Queen excluder shaker box
Anyone have any prints or explain to me what one is/how to make one? Do I just staple a queen excluder to the bottom of a deep and shake bees down into an empty super? Should I put an excluder on the bottom of a deep with frames in it then bounce the box on top of the other box I want the bees into? I'm trying to get extra nurse bees into a queenless hive I'm going to use to graft with so I need to keep from accidentally adding a queen into the mix. Thanks for the replies
Re: Queen excluder shaker box
Nail a wood bound excluder to the bottom of a good hive body. Line the top 2" inside box with duct tape.
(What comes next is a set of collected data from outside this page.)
lemma continuous_on_compose_shift:
  assumes "continuous_on (ball 0 2) g"
  shows "continuous_on (cball 0 1 \<times> cball 0 1) (\<lambda>(x, e). g (x + \<psi> x *\<^sub>R e))"
proof -
  have "(\<lambda>(x, e). x + \<psi> x *\<^sub>R e) ` (cball 0 1 \<times> cball 0 1) \<subseteq> ball 0 2"
    using shift_in_ball by auto
  from continuous_on_compose2[OF assms continuous_on_shift this] show ?thesis
    by (simp add: split_beta)
qed

sublocale min_family "cball 0 1" "cball 0 1" "\<lambda>x e. h (x + \<psi> x *\<^sub>R e)"
  "\<lambda>x e. dh (x + \<psi> x *\<^sub>R e) + (dh (x + \<psi> x *\<^sub>R e) \<bullet> e) *\<^sub>R d\<psi> x"
proof
  have "continuous_on (ball 0 2) h"
    using has_gradient_h unfolding gderiv_def
    by (meson continuous_at_imp_continuous_on has_derivative_continuous)
  then show "continuous_on (cball 0 1 \<times> cball 0 1) (\<lambda>(x, e). h (x + \<psi> x *\<^sub>R e))"
    by (rule continuous_on_compose_shift)
  have "continuous_on (cball 0 1 \<times> cball 0 1) (\<lambda>q. d\<psi> (fst q))"
    using continuous_d\<psi> by (rule continuous_on_compose2[OF _ continuous_on_fst[OF continuous_on_id]]) auto
  then show "continuous_on (cball 0 1 \<times> cball 0 1)
      (\<lambda>(x, e). dh (x + \<psi> x *\<^sub>R e) + (dh (x + \<psi> x *\<^sub>R e) \<bullet> e) *\<^sub>R d\<psi> x)"
    using continuous_on_compose_shift[OF continuous_dh]
    by (auto simp: split_beta intro!: continuous_intros)
  fix x e :: 'a assume "x \<in> cball 0 1" "e \<in> cball 0 1"
  then have "((\<lambda>z. z + \<psi> z *\<^sub>R e) has_derivative (\<lambda>v. v + (v \<bullet> d\<psi> x) *\<^sub>R e)) (at x)"
    using has_gradient_\<psi>[of x] unfolding gderiv_def by (auto intro!: derivative_eq_intros)
  from has_derivative_compose[OF this has_gradient_h[OF shift_in_ball, unfolded gderiv_def]]
  have "((\<lambda>z. h (z + \<psi> z *\<^sub>R e)) has_derivative
      (\<lambda>v. (v + (v \<bullet> d\<psi> x) *\<^sub>R e) \<bullet> dh (x + \<psi> x *\<^sub>R e))) (at x)"
    using \<open>x \<in> cball 0 1\<close> \<open>e \<in> cball 0 1\<close> by blast
  then show "GDERIV (\<lambda>z. h (z + \<psi> z *\<^sub>R e)) x :>
      dh (x + \<psi> x *\<^sub>R e) + (dh (x + \<psi> x *\<^sub>R e) \<bullet> e) *\<^sub>R d\<psi> x"
    unfolding gderiv_def by (simp add: inner_add_left inner_add_right algebra_simps inner_commute)
qed auto
text \<open>If all fibres have size k, then
  |V| = k |F V| and |E| = k |G E|; with |E| + 1 = |V| this forces k = 1.\<close>
theorem locally_bijective_tree_iso:
  assumes mor: "rmorph C P F G" and lb: "locally_bijective C P F G"
    and ends: "\<forall>t\<in>edges C. src C t \<in> verts C \<and> tgt C t \<in> verts C"
    and tree: "contractible_graph C" and root: "x0 \<in> verts C"
  shows "riso C (component P (F x0)) F G \<and> contractible_graph (component P (F x0))"
proof -
  let ?\<Gamma> = "component P (F x0)"
  define k where "k = card {y \<in> verts C. F y = F x0}"
  have conn: "\<forall>x\<in>verts C. \<forall>y\<in>verts C. reach C x y"
    and finV: "finite (verts C)" and finE: "finite (edges C)"
    and count: "card (edges C) + 1 = card (verts C)"
    using tree by (auto simp: contractible_graph_def connected_graph_def)
  have V\<Gamma>: "verts ?\<Gamma> = F ` verts C" and E\<Gamma>: "edges ?\<Gamma> = G ` edges C"
    using locally_bijective_image_component[OF mor lb ends root] conn root by auto
  have fib: "card {y \<in> verts C. F y = F x} = k" if "x \<in> verts C" for x
    using locally_bijective_fiber_const[OF lb ends] conn root that unfolding k_def by blast
  have "card (verts C) = k * card (F ` verts C)"
    using card_uniform_fibers[OF finV] fib by blast
  moreover have "card (edges C) = k * card (G ` edges C)"
  proof (rule card_uniform_fibers[OF finE])
    fix t assume "t \<in> edges C"
    then show "card {t' \<in> edges C. G t' = G t} = k"
      using locally_bijective_edge_fiber(1)[OF lb ends] fib ends by simp
  qed
  ultimately have "k * card (F ` verts C) = k * card (G ` edges C) + 1"
    using count by simp
  then have "k * (card (F ` verts C) - card (G ` edges C)) = 1"
    by (simp add: diff_mult_distrib2)
  then have k1: "k = 1" and "card (F ` verts C) - card (G ` edges C) = 1"
    by simp_all
  with \<open>k * card (F ` verts C) = k * card (G ` edges C) + 1\<close>
  have count\<Gamma>: "card (G ` edges C) + 1 = card (F ` verts C)" by simp
  have injF: "inj_on F (verts C)"
  proof (rule inj_onI)
    fix x y assume xy: "x \<in> verts C" "y \<in> verts C" "F x = F y"
    have "card {z \<in> verts C. F z = F x} = 1" using fib xy(1) k1 by simp
    then obtain z where "{z \<in> verts C. F z = F x} = {z}" by (rule card_1_singletonE)
    moreover have "x \<in> {z \<in> verts C. F z = F x}" "y \<in> {z \<in> verts C. F z = F x}"
      using xy by auto
    ultimately show "x = y" by (metis singletonD)
  qed
  have injG: "inj_on G (edges C)"
  proof (rule inj_onI)
    fix t t' assume tt: "t \<in> edges C" "t' \<in> edges C" "G t = G t'"
    have "F (src C t) = F (src C t')"
      using tt rmorph_edge(2)[OF mor] by metis
    then have "src C t = src C t'"
      using tt ends injF by (meson inj_onD)
    then have "t \<in> out_edges C (src C t)" "t' \<in> out_edges C (src C t)"
      using tt by (auto simp: out_edges_def)
    moreover have "inj_on G (out_edges C (src C t))"
      using lb ends tt by (auto simp: locally_bijective_def bij_betw_def)
    ultimately show "t = t'" using tt(3) by (meson inj_onD)
  qed
  have mor\<Gamma>: "rmorph C ?\<Gamma> F G"
    using mor V\<Gamma> E\<Gamma> by (auto simp: rmorph_def)
  have "connected_graph ?\<Gamma>"
    using V\<Gamma> root conn reach_rmorph[OF mor\<Gamma>] by (auto simp: connected_graph_def)
  then show ?thesis
    using mor\<Gamma> injF injG V\<Gamma> E\<Gamma> finV finE count\<Gamma>
    by (simp add: riso_def contractible_graph_def bij_betw_def)
qed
Place on cell builder and shake bees from combs of open brood, into the shaker box. The nurse bees will go down I to the hive. Drones and queens will be trapped above the excluder.
Re: Queen excluder shaker box
Exactly as Mike said. Here is a video of him doing it . . .
http://www.youtube.com/watch?v=uUSMXpeuUFE
Re: Queen excluder shaker box
Thanks for the video Keth, what do you do with the frames of brood from the hive that has the spotty brood pattern? What do you do with the queen once you find her?
Re: Queen excluder shaker box
Moon,
In that video we were actually joking about the brood pattern. It was a beautiful sold frame of brood. Of the hundreds of hives that I saw at Mikes I never saw one that had what one would refer to as "shot brood". He has great queens.
Since we were building a queenless cell builder if we found the queen in the shaker box we would just pick her up and put her in the donor hive.
Re: Queen excluder shaker box
Quote:
Originally Posted by
Keth Comollo
Thank you for this video. :) wish I had brood patterns like that.
Re: Queen excluder shaker box
A couple of questions: Why the duct tape at the top of the box? Does it have to be a wood bound excluder, or would a plastic one work?
Re: Queen excluder shaker box
It is a funny thing but bees don't like walking across duct tape. They will but reluctantly. Once you have shaken 5-6 frames of bees into the box you do need to flick some down with the brush to keep them from boiling over but the duct tape acts as an invisible barrier noticeably. I learned this from Mike Palmer and it works. A few flicks of the brush, a small whiff of smoke usually is enough to get those valuable nurse bees heading in the right direction into the cell builder.
As for a plastic excluder I don't think it is durable enough. With a wooden framed metal one you can glue and staple it to a deep and it is quite bombproof. The shaker box spends a lot of time on the ground and well as in the bed of the truck and I think a plastic one would fail a lot sooner with the abuse of being dragged through one outyard to the next.